Healthcare & Life Sciences / Digital Health/HealthTech / Electronic Health Records
B
5 risks

Amperos is applying agentic architectures to healthcare, representing a series a vertical AI play with core generative AI integration.

www.amperos.com
series aGenAI: coreNew York, United States
$16.0Mraised
5KB analyzed6 quotesUpdated May 1, 2026
Event Timeline
Why This Matters Now

As agentic architectures emerge as the dominant build pattern, Amperos is positioned to benefit from enterprise demand for autonomous workflow solutions. The timing aligns with broader market readiness for AI systems that can execute multi-step tasks without human intervention.

Amperos is an AI-powered revenue recovery and denial management platform that reduces claim rejections and optimize collections.

Core Advantage

The combination of agentic AI that can autonomously process and pursue claims end-to-end + curated human RCM expertise and configurable, client-specific workflow mapping, all integrated into provider EHR/PM ecosystems.
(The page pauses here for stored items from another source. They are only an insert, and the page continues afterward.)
(* Let $X$ be a complete CAT(0)-space. Then every isometry $T$ of $X$ fixes a point of the metric compactification $\overline{X}$, i.e. there is $h\in\overline{X}$ with $Th=h$. If moreover $X$ is proper, every isometry of $X$ fixes a point of the visual compactification of $X$.
   Context: Fix a base point $x_0\in X$. Let $\mathrm{Hom}(X,\mathbb{R})$ be the set of $1$-Lipschitz functions $X\to\mathbb{R}$ with the topology of pointwise convergence, and for $y\in X$ let $h_y(\cdot)=d(\cdot,y)-d(x_0,y)$. The metric compactification $\overline{X}$ is the closure of $\{h_y:y\in X\}$ in $\mathrm{Hom}(X,\mathbb{R})$; its elements are metric functionals. An isometry (surjective distance-preserving map) $T$ acts on $\overline{X}$ by $(Th)(x)=h(T^{-1}x)-h(T^{-1}x_0)$. A metric space is proper if closed bounded sets are compact. The visual compactification of a proper CAT(0)-space is $X\cup\partial X$, where $\partial X$ is the set of equivalence classes of geodesic rays (two rays equivalent if at bounded distance), with the cone topology; isometries act on it naturally. *)

theory Defs
  imports "HOL-Analysis.Analysis"
begin

definition geodesic_segment :: "'a::metric_space set \<Rightarrow> 'a \<Rightarrow> 'a \<Rightarrow> (real \<Rightarrow> 'a) \<Rightarrow> bool" where
  "geodesic_segment S a b \<gamma> \<longleftrightarrow>
     \<gamma> 0 = a \<and> \<gamma> (dist a b) = b \<and> \<gamma> ` {0..dist a b} \<subseteq> S \<and>
     (\<forall>s\<in>{0..dist a b}. \<forall>t\<in>{0..dist a b}. dist (\<gamma> s) (\<gamma> t) = \<bar>s - t\<bar>)"

definition geodesic_space :: "'a::metric_space set \<Rightarrow> bool" where
  "geodesic_space S \<longleftrightarrow> (\<forall>a\<in>S. \<forall>b\<in>S. \<exists>\<gamma>. geodesic_segment S a b \<gamma>)"

text \<open>A side of a geodesic triangle together with its comparison side in the
  Euclidean plane (modelled as complex numbers): (geodesic, start and end of
  the comparison segment, length).\<close>
definition cat0_comparison ::
  "((real \<Rightarrow> 'a::metric_space) \<times> complex \<times> complex \<times> real) set \<Rightarrow> bool" where
  "cat0_comparison sides \<longleftrightarrow>
     (\<forall>(\<sigma>, P, Q, L)\<in>sides. \<forall>(\<tau>, R, R', M)\<in>sides. \<forall>s\<in>{0..L}. \<forall>t\<in>{0..M}.
        dist (\<sigma> s) (\<tau> t)
          \<le> dist (P + of_real (s / L) * (Q - P)) (R + of_real (t / M) * (R' - R)))"

definition CAT0 :: "'a::metric_space set \<Rightarrow> bool" where
  "CAT0 S \<longleftrightarrow> geodesic_space S \<and>
     (\<forall>a\<in>S. \<forall>b\<in>S. \<forall>c\<in>S. \<forall>\<gamma>ab \<gamma>bc \<gamma>ca. \<forall>a' b' c' :: complex.
        geodesic_segment S a b \<gamma>ab \<and> geodesic_segment S b c \<gamma>bc \<and> geodesic_segment S c a \<gamma>ca \<and>
        dist a' b' = dist a b \<and> dist b' c' = dist b c \<and> dist c' a' = dist c a \<longrightarrow>
        cat0_comparison {(\<gamma>ab, a', b', dist a b), (\<gamma>bc, b', c', dist b c), (\<gamma>ca, c', a', dist c a)})"

definition proper_space :: "'a::metric_space set \<Rightarrow> bool" where
  "proper_space S \<longleftrightarrow> (\<forall>K. K \<subseteq> S \<and> closed K \<and> bounded K \<longrightarrow> compact K)"

definition isometry :: "('a::metric_space \<Rightarrow> 'a) \<Rightarrow> bool" where
  "isometry T \<longleftrightarrow> surj T \<and> (\<forall>x y. dist (T x) (T y) = dist x y)"

text \<open>h_y and the metric compactification (closure in the product topology of
  pointwise convergence on 'a \<Rightarrow> real; all its elements are 1-Lipschitz).\<close>
definition horofun :: "'a::metric_space \<Rightarrow> 'a \<Rightarrow> 'a \<Rightarrow> real" where
  "horofun x0 y = (\<lambda>x. dist x y - dist x0 y)"

definition metric_compactification :: "'a::metric_space \<Rightarrow> ('a \<Rightarrow> real) set" where
  "metric_compactification x0 = closure (range (horofun x0))"

definition isom_action :: "'a \<Rightarrow> ('a \<Rightarrow> 'a) \<Rightarrow> ('a \<Rightarrow> real) \<Rightarrow> ('a \<Rightarrow> real)" where
  "isom_action x0 T h = (\<lambda>x. h (inv T x) - h (inv T x0))"

definition geodesic_ray :: "(real \<Rightarrow> 'a::metric_space) \<Rightarrow> bool" where
  "geodesic_ray \<gamma> \<longleftrightarrow> (\<forall>s\<ge>0. \<forall>t\<ge>0. dist (\<gamma> s) (\<gamma> t) = \<bar>s - t\<bar>)"

definition asymptotic :: "(real \<Rightarrow> 'a::metric_space) \<Rightarrow> (real \<Rightarrow> 'a) \<Rightarrow> bool" where
  "asymptotic \<gamma> \<delta> \<longleftrightarrow> (\<exists>C. \<forall>t\<ge>0. dist (\<gamma> t) (\<delta> t) \<le> C)"

text \<open>T fixes a point of the visual compactification X \<union> \<partial>X: either a point
  of X, or the class of some ray (T acts by [\<gamma>] \<mapsto> [T \<circ> \<gamma>]).\<close>
definition fixes_visual_point :: "('a::metric_space \<Rightarrow> 'a) \<Rightarrow> bool" where
  "fixes_visual_point T \<longleftrightarrow> (\<exists>x. T x = x) \<or> (\<exists>\<gamma>. geodesic_ray \<gamma> \<and> asymptotic (T \<circ> \<gamma>) \<gamma>)"

end

theory Submission
  imports Defs
begin

(* If an orbit of T is bounded, its circumcentre is fixed by T: in a complete CAT(0) space the
   CN inequality makes the circumcentre exist and be unique. Otherwise choose orbit points y_n
   escaping to infinity; all of them are moved by the same distance d(x0, T x0). Comparison
   triangles show that h_z - h_y tends to 0 pointwise when d(y, z) stays bounded and y escapes,
   so every cluster point of the h_(y_n) in the metric compactification is T-invariant. If X is
   proper, the geodesics from x0 to y_n accumulate on a ray, and convexity of the distance between
   geodesics keeps that ray within d(x0, T x0) of its image under T. *)

lemma cmod_affine_combination_sq:
  fixes a b c :: complex and l :: real
  shows "(cmod (c - (a + of_real l * (b - a))))\<^sup>2
     = (1 - l) * (cmod (c - a))\<^sup>2 + l * (cmod (c - b))\<^sup>2 - l * (1 - l) * (cmod (b - a))\<^sup>2"
  unfolding cmod_power2 by (simp add: algebra_simps power2_eq_square)

lemma complex_segment_point_rescale:
  fixes p q :: complex
  assumes "dist p q = L"
  shows "p + of_real (s * L / L) * (q - p) = p + of_real s * (q - p)"
  using assms by (cases "L = 0") auto

lemma triangle_in_complex_plane:
  fixes p q r :: real
  assumes "0 \<le> p" "0 \<le> q" "0 \<le> r" "q \<le> p + r" "p \<le> q + r" "r \<le> p + q"
  shows "\<exists>a b c :: complex. dist a b = p \<and> dist b c = q \<and> dist c a = r"
proof (cases "p = 0")
  case True
  then have "q = r" using assms by auto
  then show ?thesis using True assms
    by (intro exI[of _ 0] exI[of _ "of_real p"] exI[of _ "of_real r"]) (simp add: dist_norm)
next
  case False
  then have p: "p > 0" using assms by auto
  define u where "u = (p\<^sup>2 + r\<^sup>2 - q\<^sup>2) / (2 * p)"
  have "(p - r)\<^sup>2 \<le> q\<^sup>2" using assms abs_le_square_iff[of "p - r" q] by (simp add: abs_le_iff)
  moreover have "q\<^sup>2 \<le> (p + r)\<^sup>2" using assms by (simp add: power_mono)
  ultimately have "\<bar>p\<^sup>2 + r\<^sup>2 - q\<^sup>2\<bar> \<le> \<bar>2 * p * r\<bar>" using assms
    by (simp add: power2_eq_square algebra_simps abs_le_iff)
  then have "(p\<^sup>2 + r\<^sup>2 - q\<^sup>2)\<^sup>2 \<le> (2 * p * r)\<^sup>2" using abs_le_square_iff by blast
  then have "u\<^sup>2 \<le> r\<^sup>2" unfolding u_def using p by (simp add: power_divide field_simps)
  define v where "v = sqrt (r\<^sup>2 - u\<^sup>2)"
  have v: "v\<^sup>2 = r\<^sup>2 - u\<^sup>2" unfolding v_def using \<open>u\<^sup>2 \<le> r\<^sup>2\<close> by simp
  then have "cmod (Complex u v) = r" using assms by (simp add: cmod_def)
  moreover have "(u - p)\<^sup>2 + v\<^sup>2 = q\<^sup>2"
    using v p unfolding u_def by (simp add: field_simps power2_eq_square)
  then have "cmod (of_real p - Complex u v) = q"
    using assms by (simp add: cmod_def complex_of_real_def power2_commute real_sqrt_unique)
  ultimately show ?thesis using assms
    by (intro exI[of _ 0] exI[of _ "of_real p"] exI[of _ "Complex u v"]) (simp add: dist_norm)
qed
Build SignalsFull pattern analysis

Agentic Architectures

3 quotes
high

The product explicitly frames autonomous agents that act on claims end-to-end, performing multi-step actions (prioritization, follow-ups, resubmission) and using tool-like integrations with EHR/PM systems, with human experts supervising escalations.

What This Enables

Full workflow automation across legal, finance, and operations. Creates new category of "AI employees" that handle complex multi-step tasks.

Time Horizon12-24 months
Primary RiskReliability concerns in high-stakes environments may slow enterprise adoption.

Continuous-learning Flywheels

3 quotes
medium

The platform captures rich interaction and outcome data and performs analytics across payors and workflows, suggesting a feedback loop where outcomes and interaction logs could be used to improve prioritization, models, and workflows over time.

What This Enables

Winner-take-most dynamics in categories where well-executed. Defensibility against well-funded competitors.

Time Horizon24+ months
Primary RiskRequires critical mass of users to generate meaningful signal.

RAG (Retrieval-Augmented Generation)

3 quotes
emerging

There are signs of a centralized claims and interaction store used to inform agent behavior and summaries; while not explicit about vectors/embeddings, the integration with EHR/PM systems and captured summaries imply retrieval of contextual documents or records to support generation and decisions.

What This Enables

Accelerates enterprise AI adoption by providing audit trails and source attribution.

Time Horizon0-12 months
Primary RiskPattern becoming table stakes. Differentiation shifting to retrieval quality.

Vertical Data Moats

3 quotes
medium

The product targets a narrow vertical (healthcare claims/RCM) and appears to collect provider- and payor-specific claims data and patterns, which can serve as proprietary, industry-specific training data and a competitive advantage.

What This Enables

Unlocks AI applications in regulated industries where generic models fail. Creates acquisition targets for incumbents.

Time Horizon0-12 months
Primary RiskData licensing costs may erode margins. Privacy regulations could limit data accumulation.
Model Architecture
Compound AI System

Agentic autonomous agents orchestrate claim-level tasks (first-touch, resubmission, follow-ups) with explicit human RCM oversight and deployment-time mapping of SOPs into agent workflows. No evidence provided for multi-model handoffs or model-to-model orchestration.

Team
Michal Miernowski• CEO & Co-Founderhigh technical

Not specified in provided content

Unknown• Chief Product Officer & Co-Foundermedium technical

Not specified in provided content

Unknown• Chief Technology Officer & Co-Founderhigh technical

Not specified in provided content

Founder-Market Fit

The founders' stated roles and focus align with healthcare RCM automation and AI-enabled denial management; however explicit prior healthcare experience for Michal and the other co-founders is not disclosed, limiting confidence in market-fit from public info.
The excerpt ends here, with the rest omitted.